A holds the shares in custody with custodian Y.
Investment fund L is an Investment Entity and, from its perspective, its shares constitute Financial Accounts (i.e. Equity Interests in an Investment Entity).
L must treat custodian Y as its Account Holder. As Y is a Financial Institution (i.e. a Custodial Institution), and Financial Institutions are not Reportable Persons, such shares are not subject to reporting by investment fund L.
For custodian Y, the shares held for A are Financial Assets held in a Custodial Account. As a Custodial Institution, Y is responsible for reporting the shares it holds on behalf of A.
OECD CRS FAQ On Equity Interest Of A Financial Institution Held By A Financial Institution
This position is also reflected in the OECD CRS FAQ on General Reporting Requirements. Page 2, Question 7, which addresses the look-through requirement, refers to an “entity” and does not specify a Financial Institution entity.

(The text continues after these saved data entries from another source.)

lemma conv_upto_weighted_diracs:
  assumes "\<And>i. i \<in> {1..Suc k} \<Longrightarrow> finite (S i)"
    and "\<And>i. i \<in> {1..Suc k} \<Longrightarrow> e i = weighted_diracs (S i) (c i) (x i)"
    and "\<And>i w. i \<in> {1..Suc k} \<Longrightarrow> w \<in> S i \<Longrightarrow> c i w \<ge> 0"
  shows "conv_upto e (Suc k) = weighted_diracs (PiE {1..Suc k} S)
           (\<lambda>w. \<Prod>i\<in>{1..Suc k}. c i (w i)) (\<lambda>w. \<Sum>i\<in>{1..Suc k}. x i (w i))"
  using assms
proof (induction k)
  case 0
  have "finite (PiE {1} S)"
    using 0 by (intro finite_PiE) auto
  then have "weighted_diracs (S 1) (c 1) (x 1)
      = weighted_diracs (PiE {1} S) (\<lambda>w. c 1 (w 1)) (\<lambda>w. x 1 (w 1))"
    using 0 weighted_diracs_reindex[where S="PiE {1} S" and c="\<lambda>w. c 1 (w 1)"
        and x="\<lambda>w. x 1 (w 1)", OF _ _ bij_betw_fun_upd_PiE_singleton]
    by (simp add: PiE_iff)
  with 0 show ?case by simp
next
  case (Suc k)
  let ?I = "{1..Suc k}" and ?j = "Suc (Suc k)"
  define C where "C g = (\<Prod>i\<in>?I. c i (g i))" for g
  define X where "X g = (\<Sum>i\<in>?I. x i (g i))" for g
  have fin: "finite (PiE ?I S)"
    using Suc.prems(1) by (intro finite_PiE) auto
  have C_nonneg: "C g \<ge> 0" if "g \<in> PiE ?I S" for g
    unfolding C_def using that Suc.prems(3) by (intro prod_nonneg) (auto simp: PiE_iff)
  have "conv_upto e ?j = convolution (weighted_diracs (PiE ?I S) C X)
      (weighted_diracs (S ?j) (c ?j) (x ?j))"
    using Suc unfolding C_def X_def by simp
  also have "\<dots> = weighted_diracs (PiE ?I S \<times> S ?j)
      (\<lambda>(g, y). C g * c ?j y) (\<lambda>(g, y). X g + x ?j y)"
    using Suc.prems fin C_nonneg by (intro convolution_weighted_diracs) auto
  also have "\<dots> = weighted_diracs (PiE (insert ?j ?I) S)
      (\<lambda>w. \<Prod>i\<in>insert ?j ?I. c i (w i)) (\<lambda>w. \<Sum>i\<in>insert ?j ?I. x i (w i))"
  proof -
    have "(\<lambda>(g, y). C g * c ?j y)
        = (\<lambda>p. \<Prod>i\<in>insert ?j ?I. c i ((case p of (g, y) \<Rightarrow> g(?j := y)) i))"
      and "(\<lambda>(g, y). X g + x ?j y)
        = (\<lambda>p. \<Sum>i\<in>insert ?j ?I. x i ((case p of (g, y) \<Rightarrow> g(?j := y)) i))"
      unfolding C_def X_def by (auto intro!: prod.cong sum.cong)
    moreover have "finite (PiE (insert ?j ?I) S)"
      using Suc.prems(1) by (intro finite_PiE) auto
    moreover have "(\<Prod>i\<in>insert ?j ?I. c i (w i)) \<ge> 0" if "w \<in> PiE (insert ?j ?I) S" for w
      using that Suc.prems(3) by (intro prod_nonneg) (auto simp: PiE_iff)
    ultimately show ?thesis
      using weighted_diracs_reindex[where c="\<lambda>w. \<Prod>i\<in>insert ?j ?I. c i (w i)"
          and x="\<lambda>w. \<Sum>i\<in>insert ?j ?I. x i (w i)", OF _ _ bij_betw_fun_upd_PiE[of ?j ?I S]]
      by simp
  qed
  finally show ?case
    by (simp add: atLeastAtMostSuc_conv)
qed

lemma T_fun_weighted_diracs:
  assumes "finite S" "\<And>w. w \<in> S \<Longrightarrow> c w \<ge> 0"
  shows "T_fun (weighted_diracs S c x) = (1/2) * (\<Sum>w\<in>S. \<bar>c w * exp (x w) - c w * exp (- x w)\<bar>)"
proof -
  have "c w * \<bar>exp (x w) - exp (- x w)\<bar> = \<bar>c w * exp (x w) - c w * exp (- x w)\<bar>" if "w \<in> S" for w
    using assms(2)[OF that] by (metis abs_mult abs_of_nonneg right_diff_distrib)
  then show ?thesis
    unfolding T_fun_def using assms by (simp add: integral_weighted_diracs)
qed

lemma sqrt_mult_exp_half_ln_div:
  fixes p q :: real
  assumes "p > 0" "q > 0"
  shows "sqrt (p * q) * exp ((1/2) * ln (p / q)) = p"
proof -
  have "exp ((1/2) * ln (p / q)) = sqrt (p / q)"
    using assms by (simp add: powr_half_sqrt[symmetric] powr_def)
  moreover have "sqrt (p * q) * sqrt (p / q) = sqrt (p * p)"
    using assms by (simp add: real_sqrt_mult[symmetric])
  ultimately show ?thesis
    using assms by simp
qed

lemma prod_sqrt_mult_exp_sum_half_ln_div:
  fixes p q :: "'b \<Rightarrow> real"
  assumes "finite I" "\<And>i. i \<in> I \<Longrightarrow> p i > 0" "\<And>i. i \<in> I \<Longrightarrow> q i > 0"
  shows "(\<Prod>i\<in>I. sqrt (p i * q i)) * exp (\<Sum>i\<in>I. (1/2) * ln (p i / q i)) = (\<Prod>i\<in>I. p i)"
    and "(\<Prod>i\<in>I. sqrt (p i * q i)) * exp (- (\<Sum>i\<in>I. (1/2) * ln (p i / q i))) = (\<Prod>i\<in>I. q i)"
proof -
  have p_part: "(\<Prod>i\<in>I. sqrt (p i * q i)) * exp (\<Sum>i\<in>I. (1/2) * ln (p i / q i)) = (\<Prod>i\<in>I. p i)"
    if "\<And>i. i \<in> I \<Longrightarrow> p i > 0" "\<And>i. i \<in> I \<Longrightarrow> q i > 0" for p q :: "'b \<Rightarrow> real"
  proof -
    have "(\<Prod>i\<in>I. sqrt (p i * q i)) * exp (\<Sum>i\<in>I. (1/2) * ln (p i / q i))
        = (\<Prod>i\<in>I. sqrt (p i * q i) * exp ((1/2) * ln (p i / q i)))"
      using assms(1) by (simp add: exp_sum prod.distrib)
    also have "\<dots> = (\<Prod>i\<in>I. p i)"
      using that by (intro prod.cong refl sqrt_mult_exp_half_ln_div) auto
    finally show ?thesis .
  qed
  then show "(\<Prod>i\<in>I. sqrt (p i * q i)) * exp (\<Sum>i\<in>I. (1/2) * ln (p i / q i)) = (\<Prod>i\<in>I. p i)"
    using assms(2,3) by blast
  have "- (\<Sum>i\<in>I. (1/2) * ln (p i / q i)) = (\<Sum>i\<in>I. (1/2) * ln (q i / p i))"
    unfolding sum_negf[symmetric] using assms by (intro sum.cong refl) (simp add: ln_div)
  then show "(\<Prod>i\<in>I. sqrt (p i * q i)) * exp (- (\<Sum>i\<in>I. (1/2) * ln (p i / q i))) = (\<Prod>i\<in>I. q i)"
    using p_part[of q p] assms by (simp add: mult.commute[of "p _"])
qed

theorem theorem1:
  fixes \<Omega> :: "'a set" and n :: nat and P Q :: "nat \<Rightarrow> 'a \<Rightarrow> real"
  assumes "finite \<Omega>" and "n \<ge> 1"
    and "\<And>i. i \<in> {1..n} \<Longrightarrow> pos_pmf_on \<Omega> (P i)"
    and "\<And>i. i \<in> {1..n} \<Longrightarrow> pos_pmf_on \<Omega> (Q i)"
  shows "TV (PiE {1..n} (\<lambda>_. \<Omega>)) (prod_pmf_fun n P) (prod_pmf_fun n Q)
         = T_fun (conv_upto (\<lambda>i. eta \<Omega> (P i) (Q i)) n)"
proof -
  obtain k where k: "n = Suc k"
    using assms(2) by (cases n) auto
  have pos: "P i w > 0" "Q i w > 0" if "i \<in> {1..n}" "w \<in> \<Omega>" for i w
    using assms(3,4) that by (auto simp: pos_pmf_on_def)
  let ?\<Omega>n = "PiE {1..n} (\<lambda>_. \<Omega>)"
  define C where "C w = (\<Prod>i\<in>{1..n}. sqrt (P i (w i) * Q i (w i)))" for w
  define X where "X w = (\<Sum>i\<in>{1..n}. (1/2) * ln (P i (w i) / Q i (w i)))" for w
  have "conv_upto (\<lambda>i. eta \<Omega> (P i) (Q i)) n = weighted_diracs ?\<Omega>n C X"
    unfolding k C_def X_def eta_def using assms(1) pos
    by (intro conv_upto_weighted_diracs dirac_sum_eq_weighted_diracs)
      (auto simp: k less_imp_le)
  moreover have "finite ?\<Omega>n"
    using assms(1) by (simp add: finite_PiE)
  moreover have "C w \<ge> 0" if "w \<in> ?\<Omega>n" for w
    unfolding C_def using that pos by (auto simp: PiE_iff less_imp_le intro!: prod_nonneg)
  moreover have "C w * exp (X w) = prod_pmf_fun n P w" "C w * exp (- X w) = prod_pmf_fun n Q w"
    if "w \<in> ?\<Omega>n" for w
    unfolding C_def X_def prod_pmf_fun_def using that pos
    by (intro prod_sqrt_mult_exp_sum_half_ln_div; force simp: PiE_iff)+
  ultimately show ?thesis
    unfolding TV_def by (simp add: T_fun_weighted_diracs)
qed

Hong Kong vs Switzerland: Look-Through Rules for Trust Equity Interests
Other major jurisdictions’ CRS guidelines on how they handle the “look-through” aspect of the Implementation Handbook on Entity Equity Interests of FI trusts
Under the CRS Implementation Handbook, equity interests in a trust that is a Financial Institution (FI) are considered to be held by any person treated as a settlor or beneficiary of all or a portion of the trust, or by any other natural person exercising ultimate effective control over the trust. The reference to any other natural person exercising ultimate effective control over the trust will, at a minimum, include the trustee as an equity interest holder.
A discretionary beneficiary will only be treated as an account holder in the years in which they receive a distribution from the trust.
Where a settlor, beneficiary, or other person exercising ultimate effective control over the trust is itself an entity, that entity must be looked through, and the ultimate natural controlling person(s) behind that entity must be treated as the equity interest holder.
Currently, it is the IRD’s understanding that the term “entity” used in this context does not include a person excluded from the definition of a reportable person.
Entities that are not reportable persons include all Financial Institutions (FIs).